Crypto exchanges make money through a layered set of revenue models:

  • Trading fees remain the dominant income source, amplified by massive trading volume across the cryptocurrency market

  • Deposit fees, withdrawal fees, and fiat conversion fees provide steady, predictable income

  • Lending services, staking rewards, derivatives, and margin trading fees generate higher-margin revenue at the cost of elevated risk

  • Token listings, initial exchange offerings, and institutional services diversify the revenue base

  • Data monetization, white-label licensing, and advertising round out the business model

Diversified fee structures help exchanges remain viable across market cycles, but they also create complex risk profiles that users should understand. The growing role of regulation-such as MiCA in the EU and ongoing US enforcement-is actively reshaping which revenue models remain sustainable.

Before committing significant capital, review an exchange’s full fee schedule, transparency around how it uses customer funds, and any proof-of-reserves disclosures.

As the crypto market matures, exchanges will continue evolving their business models-integrating DeFi, tokenization, and new financial products into their revenue mix. The platforms that survive will be those that balance aggressive monetization with responsible risk management.

FAQ

Do all crypto exchanges charge both trading and withdrawal fees?

Nearly all centralized exchanges charge trading fees, but policies on deposit and withdrawal fees vary. Some offer free crypto deposits and limited free withdrawals, while others always charge network-adjusted fees. Many platforms bake part of their profit into spreads or fiat conversion charges instead of explicit deposit fees, so users should review full fee schedules. Comparing total cost-spread plus fees-across platforms is more important than looking at one fee category in isolation.

How do decentralized exchanges (DEXs) make money without holding my funds?

DEXs monetize by charging protocol swap fees on each trade, typically a small percentage that is automatically split between liquidity providers and the protocol or DAO treasury. Because a DEX is a set of smart contracts, its “revenue” accumulates as on-chain tokens governed by token holders rather than a traditional company. While DEXs avoid custody risk, users still face smart contract risk, MEV (miner/validator extractable value), and price-impact risk on thinly traded pairs.

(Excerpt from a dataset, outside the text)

(* Consider the Histogram Partitioning algorithm (described in the context) on $N$ distinct keys over $p$ processors, where in each round $j$ each key of $\gamma_j$ is sampled independently with probability $\frac{3p}{|\gamma_j|\log^* p}$. Then, with high probability, after $O(\log^* p)$ rounds fewer than $p/\log^* p$ splitters remain unachieved.
   Context: Setting: $N$ distinct keys from a totally ordered set are distributed across $p$ processors, $N/p$ keys per processor. For $\ell\in\{1,\dots,p-1\}$, the target range of splitter $\ell$ is the rank range $[\frac{N\ell}{p},\frac{N\ell}{p}+\frac{N}{p}]$; splitter $\ell$ is achieved in a round if some key with rank in this range is sampled in that round (and stays achieved afterwards). Histogram Partitioning proceeds in rounds; in round $j$, keys are sampled independently from a set $\gamma_j$ ($\gamma_1$ = all keys), and the global ranks of the samples are computed and made known to all processors. For each unachieved splitter $\ell$, $L_j(\ell)$ is the largest key sampled before round $j$ with rank below $\frac{N\ell}{p}$ (or the smallest key) and $U_j(\ell)$ the smallest key sampled before round $j$ with rank above $\frac{N\ell}{p}+\frac{N}{p}$ (or the largest key); $\gamma_j$ is the union over splitters $\ell$ unachieved before round $j$ of the keys between $L_j(\ell)$ and $U_j(\ell)$. $\log^* x=0$ for $x\le1$ and $\log^* x=1+\log^*(\log x)$ for $x>1$. "With high probability" means with probability tending to $1$ as $p\to\infty$. *)

theory Defs
  imports "HOL-Probability.Probability"
begin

Can exchanges lose money, and what happens if an exchange goes bankrupt?

Exchanges can and do lose money through hacks, bad loans, poor risk controls, or prolonged bear markets when revenue drops below operating costs. In bankruptcies like Mt. Gox (2014) and FTX (2022), customer funds were frozen and recovery took years, with some users receiving only partial repayments. Users are typically unsecured creditors, not insured depositors, so using hardware wallets for long-term holdings and favoring platforms with regular proof-of-reserves is strongly recommended.

Why do some exchanges seem to have zero-fee trading? How do they still make money?

“Zero-fee” offers are often limited-time promotions or apply only to specific pairs like BTC/USDT, designed to attract volume and new users. These exchanges typically monetize through spreads, withdrawal fees, margin interest, futures fees, or higher charges on other trading pairs and services. Always check whether “zero-fee” trades still include a built-in price spread above mid-market price, which effectively functions as a hidden fee.

How will regulations like the EU’s MiCA and US enforcement change how exchanges make money?

MiCA, fully applicable by July 2026, requires licensing, stronger capital and conduct rules, and clearer asset-segregation practices, likely increasing compliance costs for exchanges operating in the EU. Stricter regimes push exchanges away from opaque practices toward more transparent fee-based services such as trading, custody, and regulated staking. Long-term, compliant exchanges may benefit from increased trust among institutional investors, even if short-term profits from riskier products decline.